After winning a place on the prestigious 500 Startups programme in San Francisco, the founders relocated to the US for several months and started building a customer base on the West Coast.
“The first contract was one of our biggest customers today, the Archdiocese of San Francisco. They developed the product with them hand-in-hand,” says Sherrin.
“It did a huge amount in taking that embryonic idea into something more tangible and marketable. That was a massive boost to have the support of such a great network of people.”
The American market is larger, Sherrin says, but also presents a greater revenue opportunity due to differences in how death is approached.
“Pre-planning – where you buy your plot and make all your funeral arrangements ahead of time – is very common in America,” he explains. “You can do it here, but it’s less prevalent.
“One of our customers in Los Angeles has a sales team of over 200 English- and Spanish-speaking people who walk the streets and sell plots in home – and do very well from it.
“Of course, they need software running on an iPad which allows them to show their inventory; 360-degree views of the location; to generate the contract; then take the payment.
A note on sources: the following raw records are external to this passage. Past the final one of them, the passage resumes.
lemma Tplus_diff: "f \<in> Tplus n \<Longrightarrow> g \<in> Tplus n \<Longrightarrow> (\<lambda>a. f a - g a) \<in> Tplus n"
  using Tplus.add[OF _ Tplus.smult[of g n "-1"], of f] by simp

lemma polar_trw_in_Tplus:
  assumes "set (letters u) \<subseteq> {1..n}" "set (letters v) \<subseteq> {1..n}"
  shows "(\<lambda>a. trw u a * trw v a - trw (Mul u v) a) \<in> Tplus n"
proof (rule Tplus_diff)
  show "(\<lambda>a. trw u a * trw v a) \<in> Tplus n"
    using assms deg_pos[of u]
    by (intro Tplus.hom[where d = "deg u + deg v"] Tn.mult Tn.trgen homogeneous_mult homogeneous_trw) auto
  show "trw (Mul u v) \<in> Tplus n"
    using assms by (intro trw_in_Tplus) simp
qed

lemma Tplus2_diff: "f \<in> Tplus2 n \<Longrightarrow> g \<in> Tplus2 n \<Longrightarrow> (\<lambda>a. f a - g a) \<in> Tplus2 n"
  using Tplus2.add[OF _ Tplus2.smult[of g n "-1"], of f] by simp

lemma equivT_refl: "equivT n f f"
  by (simp add: equivT_def Tplus2.zero)

lemma equivT_trans_scaled:
  assumes "equivT n f (\<lambda>a. s * g a)" "equivT n g (\<lambda>a. t * h a)"
  shows "equivT n f (\<lambda>a. s * t * h a :: 'a::field)"
proof -
  have "(\<lambda>a. (f a - s * g a) + s * (g a - t * h a)) \<in> Tplus2 n"
    using assms unfolding equivT_def by (intro Tplus2.add Tplus2.smult)
  then show ?thesis
    unfolding equivT_def by (simp add: algebra_simps)
qed

lemma equivT_trans: "equivT n f g \<Longrightarrow> equivT n g h \<Longrightarrow> equivT n f (h :: 'a::field point \<Rightarrow> 'a)"
  using equivT_trans_scaled[where s = 1 and t = 1] by simp

lemma equivT_neg_if_sum_in_Tplus2: "(\<lambda>a. f a + g a) \<in> Tplus2 n \<Longrightarrow> equivT n f (\<lambda>a. - 1 * g a)"
  by (simp add: equivT_def)

(* A nonempty right context Z is needed: tr(uv) = tr(vu), whereas tr((uv)Z) is congruent
   to -tr((vu)Z). *)
definition right_equivT :: "nat \<Rightarrow> word \<Rightarrow> word \<Rightarrow> 'a::field \<Rightarrow> bool" where
  "right_equivT n X Y s \<longleftrightarrow> (\<forall>Z. set (letters Z) \<subseteq> {1..n} \<longrightarrow>
     equivT n (trw (Mul X Z) :: 'a point \<Rightarrow> 'a) (\<lambda>a. s * trw (Mul Y Z) a))"

lemma right_equivT_refl: "right_equivT n X X 1"
  by (simp add: right_equivT_def equivT_refl)

lemma right_equivT_trans:
  "right_equivT n X Y s \<Longrightarrow> right_equivT n Y W t \<Longrightarrow> right_equivT n X W (s * t)"
  unfolding right_equivT_def using equivT_trans_scaled by blast

lemma equivT_trw_Mul_left:
  assumes "right_equivT n X Y s" "set (letters W) \<subseteq> {1..n}"
  shows "equivT n (trw (Mul W X)) (\<lambda>a. s * trw (Mul W Y) a)"
  using assms unfolding right_equivT_def by (simp add: trw_def otr_omult_commute[of "oeval _ W"])

lemma right_equivT_Mul_right:
  assumes "right_equivT n X Y s" "set (letters W) \<subseteq> {1..n}"
  shows "right_equivT n (Mul X W) (Mul Y W) s"
  unfolding right_equivT_def
proof (intro allI impI)
  fix Z :: word assume "set (letters Z) \<subseteq> {1..n}"
  then have "equivT n (trw (Mul X (Mul W Z))) (\<lambda>a. s * trw (Mul Y (Mul W Z)) a)"
    using assms unfolding right_equivT_def by simp
  then show "equivT n (trw (Mul (Mul X W) Z)) (\<lambda>a. s * trw (Mul (Mul Y W) Z) a)"
    by (simp add: trw_def otr_omult_assoc)
qed

lemma right_equivT_Mul_left:
  assumes "right_equivT n X Y s" "set (letters W) \<subseteq> {1..n}"
  shows "right_equivT n (Mul W X) (Mul W Y) s"
  unfolding right_equivT_def
proof (intro allI impI)
  fix Z :: word assume "set (letters Z) \<subseteq> {1..n}"
  then have "equivT n (trw (Mul X (Mul Z W))) (\<lambda>a. s * trw (Mul Y (Mul Z W)) a)"
    using assms unfolding right_equivT_def by simp
  then show "equivT n (trw (Mul (Mul W X) Z)) (\<lambda>a. s * trw (Mul (Mul W Y) Z) a)"
    by (simp add: trw_def otr_omult_assoc otr_omult_commute[of "oeval _ W"])
qed

lemma right_equivT_commute:
  assumes "set (letters u) \<subseteq> {1..n}" "set (letters v) \<subseteq> {1..n}"
  shows "right_equivT n (Mul u v) (Mul v u) (- 1 :: 'a::field)"
  unfolding right_equivT_def
proof (intro allI impI equivT_neg_if_sum_in_Tplus2)
  fix Z :: word assume Z: "set (letters Z) \<subseteq> {1..n}"
  have "(\<lambda>a. trw (Mul (Mul u v) Z) a + trw (Mul (Mul v u) Z) a) =
    (\<lambda>a. trw u a * trw (Mul v Z) a + trw v a * trw (Mul u Z) a
       - (trw u a * trw v a - trw (Mul u v) a) * trw Z a :: 'a)"
    by (simp add: trw_def otr_omult_swap_left)
  also have "\<dots> \<in> Tplus2 n"
    using assms Z by (intro Tplus2_diff Tplus2.add Tplus2.prod polar_trw_in_Tplus trw_in_Tplus) auto
  finally show "(\<lambda>a. trw (Mul (Mul u v) Z) a + trw (Mul (Mul v u) Z) a :: 'a) \<in> Tplus2 n" .
qed

lemma right_equivT_swap_inner:
  assumes "set (letters u) \<subseteq> {1..n}" "set (letters v) \<subseteq> {1..n}" "set (letters w) \<subseteq> {1..n}"
  shows "right_equivT n (Mul u (Mul v w)) (Mul v (Mul u w)) (- 1 :: 'a::field)"
  unfolding right_equivT_def
proof (intro allI impI equivT_neg_if_sum_in_Tplus2)
  fix Z :: word assume Z: "set (letters Z) \<subseteq> {1..n}"
  have "(\<lambda>a. trw (Mul (Mul u (Mul v w)) Z) a + trw (Mul (Mul v (Mul u w)) Z) a) =
    (\<lambda>a. trw u a * trw (Mul (Mul v w) Z) a + trw v a * trw (Mul (Mul u w) Z) a
       - (trw u a * trw v a - trw (Mul u v) a) * trw (Mul w Z) a :: 'a)"
    by (simp add: trw_def otr_omult_swap_inner)
  also have "\<dots> \<in> Tplus2 n"
    using assms Z by (intro Tplus2_diff Tplus2.add Tplus2.prod polar_trw_in_Tplus trw_in_Tplus) auto
  finally show "(\<lambda>a. trw (Mul (Mul u (Mul v w)) Z) a + trw (Mul (Mul v (Mul u w)) Z) a :: 'a)
    \<in> Tplus2 n" .
qed

lemma right_equivT_square:
  assumes "x \<in> {1..n}"
  shows "right_equivT n (Mul (Var x) (Var x)) (Mul (Var x) (Var x)) (0 :: 'a::field)"
  unfolding right_equivT_def
proof (intro allI impI)
  fix Z :: word assume Z: "set (letters Z) \<subseteq> {1..n}"
  have "(\<lambda>a. trw (Mul (Mul (Var x) (Var x)) Z) a) =
    (\<lambda>a. trw (Var x) a * trw (Mul (Var x) Z) a - onorm (a x) * trw Z a :: 'a)"
    by (simp add: trw_def otr_omult_square_left)
  also have "\<dots> \<in> Tplus2 n"
    using assms Z by (intro Tplus2_diff Tplus2.prod onorm_in_Tplus trw_in_Tplus) auto
  finally show "equivT n (trw (Mul (Mul (Var x) (Var x)) Z))
    (\<lambda>a. (0::'a) * trw (Mul (Mul (Var x) (Var x)) Z) a)"
    by (simp add: equivT_def)
qed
We developed the technology to allow them to do that.”
Edinburgh VC Par Equity and London-based Ironbridge Capital Partners invested £2m into PlotBox last year. It is now looking to expand in all its active markets: the US, UK and Australia and New Zealand.
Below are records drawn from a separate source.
lemma master_exp_coeff_poly: "\<exists>p. \<forall>m. master_exp_coeff m a b n = poly p m"
proof (cases n)
  case 0
  then show ?thesis by (intro exI[of _ 1]) simp
next
  case (Suc k)
  let ?p = "smult (inverse (fact (Suc k)))
              ([:0, 1:] * (\<Prod>g = 1..k. [:b * of_nat (Suc k) - a * of_nat g, 1:]))"
  have "master_exp_coeff m a b n = poly ?p m" for m
    by (simp add: Suc master_exp_coeff_Suc master_coeff_Suc poly_prod algebra_simps divide_inverse
             del: prod.cl_ivl_Suc)
  then show ?thesis by blast
qed

lemma poly_eq_0_if_roots_at_multiples:
  fixes p :: "'a::field_char_0 poly"
  assumes "a \<noteq> 0" and "\<And>j::nat. poly p (of_nat j * a) = 0"
  shows "p = 0"
proof (rule ccontr)
  assume "p \<noteq> 0"
  have "range (\<lambda>j::nat. of_nat j * a) \<subseteq> {x. poly p x = 0}"
    using assms(2) by auto
  moreover have "infinite (range (\<lambda>j::nat. of_nat j * a))"
    using assms(1) by (intro range_inj_infinite) (auto simp: inj_on_def)
  ultimately show False
    using poly_roots_finite[OF \<open>p \<noteq> 0\<close>] finite_subset by blast
qed

lemma continuous_on_master_coeff [continuous_intros]:
  assumes "continuous_on A m" "continuous_on A a" "continuous_on A b"
  shows "continuous_on A (\<lambda>z. master_coeff (m z) (a z) (b z) n)"
  unfolding master_coeff_def using assms by (cases "n = 0"; cases "n = 1") (auto intro!: continuous_intros)

lemma continuous_on_master_exp_coeff [continuous_intros]:
  assumes "continuous_on A m" "continuous_on A a" "continuous_on A b"
  shows "continuous_on A (\<lambda>z. master_exp_coeff (m z) (a z) (b z) n)"
  unfolding master_exp_coeff_def using assms by (cases "n = 0") (auto intro!: continuous_intros)

text \<open>The defect of the identity is a polynomial in m.  By the shift identity it is a-periodic
  once the identity holds for n - 1, and it vanishes at m = 0.\<close>

lemma master_exp_coeff_convolution_nonzero:
  assumes "a \<noteq> 0"
  shows "(\<Sum>k\<le>n. master_exp_coeff m a b k * master_exp_coeff t a b (n - k)) = master_exp_coeff (m + t) a b n"
proof -
  define D where "D n m =
      (\<Sum>k\<le>n. master_exp_coeff m a b k * master_exp_coeff t a b (n - k)) - master_exp_coeff (m + t) a b n"
    for n m
  have shift: "D (Suc n) (m + a) - D (Suc n) m = a * D n (m + b)" for n m
  proof -
    have "D (Suc n) (m + a) - D (Suc n) m =
        (\<Sum>k\<le>Suc n. (master_exp_coeff (m + a) a b k - master_exp_coeff m a b k)
                       * master_exp_coeff t a b (Suc n - k))
        - (master_exp_coeff ((m + t) + a) a b (Suc n) - master_exp_coeff (m + t) a b (Suc n))"
      unfolding D_def by (simp add: sum_subtractf algebra_simps)
    also have "\<dots> = (\<Sum>k\<le>n. a * master_exp_coeff (m + b) a b k * master_exp_coeff t a b (n - k))
        - a * master_exp_coeff ((m + t) + b) a b n"
      by (subst sum.atMost_Suc_shift) (simp add: master_exp_coeff_shift)
    also have "\<dots> = a * D n (m + b)"
      unfolding D_def by (simp add: sum_distrib_left algebra_simps)
    finally show ?thesis .
  qed
  obtain P where P: "\<And>k m. master_exp_coeff m a b k = poly (P k) m"
    using master_exp_coeff_poly by metis
  have "D n m = 0" for m
  proof (induction n arbitrary: m)
    case 0
    then show ?case by (simp add: D_def)
  next
    case (Suc n)
    have periodic: "D (Suc n) (m + a) = D (Suc n) m" for m
      using shift[of n m] Suc.IH by simp
    have multiples: "D (Suc n) (of_nat j * a) = 0" for j
    proof (induction j)
      case 0
      then show ?case by (simp add: D_def sum.atMost_Suc_shift del: sum.atMost_Suc)
    next
      case (Suc j)
      then show ?case using periodic[of "of_nat j * a"] by (simp add: algebra_simps)
    qed
    let ?p = "(\<Sum>k\<le>Suc n. P k * [:master_exp_coeff t a b (Suc n - k):])
              - pcompose (P (Suc n)) [:t, 1:]"
    have D_poly: "D (Suc n) m = poly ?p m" for m
      unfolding D_def by (simp add: P poly_sum poly_pcompose algebra_simps)
    have "?p = 0"
      using multiples D_poly by (intro poly_eq_0_if_roots_at_multiples[OF assms]) metis
    then show ?case by (simp add: D_poly)
  qed
  then show ?thesis by (simp add: D_def)
qed

lemma master_exp_coeff_convolution:
  "(\<Sum>k\<le>n. master_exp_coeff m a b k * master_exp_coeff t a b (n - k)) = master_exp_coeff (m + t) a b n"
proof -
  let ?D = "\<lambda>a. (\<Sum>k\<le>n. master_exp_coeff m a b k * master_exp_coeff t a b (n - k))
                  - master_exp_coeff (m + t) a b n"
  have "continuous_on (closure (- {0})) ?D"
    by (intro continuous_intros)
  then have "?D a = 0"
    by (rule continuous_constant_on_closure)
       (auto simp: closure_complement master_exp_coeff_convolution_nonzero)
  then show ?thesis by simp
qed

section \<open>Convergence\<close>

lemma power_div_fact_le_exp:
  fixes x :: real
  assumes "0 \<le> x"
  shows "x ^ n / fact n \<le> exp x"
proof -
  have exp_sums: "(\<lambda>k. x ^ k /\<^sub>R fact k) sums exp x"
    by (rule exp_converges)
  have "sum (\<lambda>k. x ^ k /\<^sub>R fact k) {n} \<le> (\<Sum>k. x ^ k /\<^sub>R fact k)"
    using exp_sums assms by (intro sum_le_suminf) (auto simp: sums_iff)
  then show ?thesis
    using exp_sums by (simp add: sums_iff divide_inverse mult.commute)
qed

lemma norm_master_coeff_Suc_le:
  assumes K: "norm m + norm a + norm b \<le> K" "1 \<le> K"
  shows "norm (master_coeff m a b (Suc n)) \<le> (exp 1 * K) ^ Suc n"
proof -
  have factor_le: "norm (m - a * of_nat g + b * of_nat (Suc n)) \<le> K * of_nat (Suc n)"
    if "g \<in> {1..n}" for g
  proof -
    have "norm (m - a * of_nat g + b * of_nat (Suc n))
        \<le> norm m + norm (a * of_nat g) + norm (b * of_nat (Suc n))"
      using norm_triangle_ineq4[of m "a * of_nat g"]
        norm_triangle_ineq[of "m - a * of_nat g" "b * of_nat (Suc n)"] by linarith
    also have "\<dots> = norm m + norm a * g + norm b * Suc n"
      by (simp add: norm_mult del: of_nat_Suc)
    also have "\<dots> \<le> (norm m + norm a + norm b) * Suc n"
      using that mult_left_mono[of 1 "real (Suc n)" "norm m"]
        mult_left_mono[of "real g" "real (Suc n)" "norm a"]
      by (simp only: distrib_right) auto
    also have "\<dots> \<le> K * Suc n"
      using K by (intro mult_right_mono) auto
    finally show ?thesis .
  qed
  have "norm (\<Prod>g = 1..n. m - a * of_nat g + b * of_nat (Suc n)) \<le> (K * Suc n) ^ n"
    using prod_mono[of "{1..n}", OF conjI[OF norm_ge_zero factor_le]]
    by (simp add: prod_norm)
  also have "\<dots> \<le> (K * Suc n) ^ Suc n"
    using K mult_mono[of 1 K 1 "real (Suc n)"] by (intro power_increasing) auto
  finally have prod_le:
    "norm (\<Prod>g = 1..n. m - a * of_nat g + b * of_nat (Suc n)) \<le> K ^ Suc n * real (Suc n) ^ Suc n"
    by (simp only: power_mult_distrib)
  have "norm (master_coeff m a b (Suc n))
      = norm (\<Prod>g = 1..n. m - a * of_nat g + b * of_nat (Suc n)) / fact (Suc n)"
    by (simp add: master_coeff_Suc norm_divide del: of_nat_Suc fact_Suc prod.cl_ivl_Suc)
  also have "\<dots> \<le> K ^ Suc n * (real (Suc n) ^ Suc n / fact (Suc n))"
    using divide_right_mono[OF prod_le, of "fact (Suc n)"] by simp
  also have "\<dots> \<le> K ^ Suc n * exp (Suc n)"
    using K by (intro mult_left_mono power_div_fact_le_exp) auto
  also have "\<dots> = (exp 1 * K) ^ Suc n"
    by (simp add: power_mult_distrib exp_add exp_of_nat_mult[symmetric])
  finally show ?thesis .
qed

text \<open>The parameters m range over the closed disc of radius master_param_bound a b, which contains
  0, 1, a and b in its interior; for norm x \<le> master_radius a b all the series converge
  geometrically, uniformly in m.\<close>

definition master_param_bound :: "complex \<Rightarrow> complex \<Rightarrow> real" where
  "master_param_bound a b = norm a + norm b + 2"

definition master_radius :: "complex \<Rightarrow> complex \<Rightarrow> real" where
  "master_radius a b = 1 / (4 * exp 1 * master_param_bound a b)"

lemma master_param_bound_gt:
  "norm a < master_param_bound a b" "norm b < master_param_bound a b" "1 < master_param_bound a b"
  unfolding master_param_bound_def using norm_ge_zero[of a] norm_ge_zero[of b] by linarith+

lemma master_radius_pos: "0 < master_radius a b"
  using master_param_bound_gt(3)[of a b] by (simp add: master_radius_def)

lemma norm_master_coeff_power_le:
  assumes m: "norm m \<le> master_param_bound a b" and x: "norm x \<le> master_radius a b"
  shows "norm (master_coeff m a b (Suc n) * x ^ Suc n) \<le> (1 / 2) ^ Suc n"
proof -
  define R where "R = master_param_bound a b"
  have R: "1 < R" "norm m + norm a + norm b \<le> 2 * R"
    using master_param_bound_gt[of a b] m by (auto simp: R_def master_param_bound_def)
  have "norm (master_coeff m a b (Suc n) * x ^ Suc n) \<le> (exp 1 * (2 * R)) ^ Suc n * norm x ^ Suc n"
    unfolding norm_mult norm_power using R by (intro mult_right_mono norm_master_coeff_Suc_le) auto
  also have "\<dots> = (2 * exp 1 * R * norm x) ^ Suc n"
    by (simp add: power_mult_distrib)
  also have "\<dots> \<le> (2 * exp 1 * R * master_radius a b) ^ Suc n"
    using R x by (intro power_mono mult_left_mono) auto
  also have "2 * exp 1 * R * master_radius a b = 1 / 2"
    using R by (simp add: master_radius_def R_def)
  finally show ?thesis .
qed

lemma norm_master_term_le:
  assumes "norm m \<le> master_param_bound a b" and "norm x \<le> master_radius a b"
  shows "norm (master_term m a b x n) \<le> master_param_bound a b * (1 / 2) ^ n"
proof (cases n)
  case 0
  then show ?thesis using assms by (simp add: master_term_def master_coeff_def)
next
  case (Suc k)
  have "norm (master_term m a b x n) \<le> 1 * (1 / 2) ^ n"
    using norm_master_coeff_power_le[OF assms] by (simp add: master_term_def Suc)
  also have "\<dots> \<le> master_param_bound a b * (1 / 2) ^ n"
    using master_param_bound_gt(3)[of a b] by (intro mult_right_mono) auto
  finally show ?thesis .
qed

lemma norm_master_exp_term_le:
  assumes "norm m \<le> master_param_bound a b" and "norm x \<le> master_radius a b"
  shows "norm (master_exp_coeff m a b n * x ^ n) \<le> master_param_bound a b * (1 / 2) ^ n"
proof (cases n)
  case 0
  then show ?thesis using master_param_bound_gt(3)[of a b] by simp
next
  case (Suc k)
  have "norm (master_exp_coeff m a b n * x ^ n) = norm m * norm (master_coeff m a b (Suc k) * x ^ Suc k)"
    by (simp add: Suc master_exp_coeff_Suc norm_mult)
  also have "\<dots> \<le> master_param_bound a b * (1 / 2) ^ n"
    using assms(1) order_trans[OF norm_ge_zero assms(1)] norm_master_coeff_power_le[OF assms, of k]
    by (intro mult_mono) (auto simp: Suc simp del: power_Suc)
  finally show ?thesis .
qed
It is also looking to expand its offering to allow cemeteries to generate revenue from activities such as flower delivery.
“Interflora might go to the reception desk and hand over a bunch of flowers. The cemetery has made no revenue from the flowers and may have a site which is potentially hundreds of acres in size. If they don’t have a system like Plotbox, they have to go to the archives to find out where this person is buried.
“Using a mobile phone they should be able to deliver the flowers right to the graveside, take a photo of the flowers and send it back to the to the buyer, wherever they may be in the world. And generate a return from it.
“The vision is to become a death care platform that connects all aspects of the death care market.”
Sherrin says COVID-19 has validated the need for a remote-enabled cemetery management application. However it has also caused some potential customers to put a pause on moving across.
“All of a sudden they are dealing with a spike in burials and cremations and they can’t entertain the thought of a wholesale change right now,” he admits. “So that’s affected us a little bit these last three or four months.
“But some customers have taken it as an opportunity to accelerate the pace of their projects.”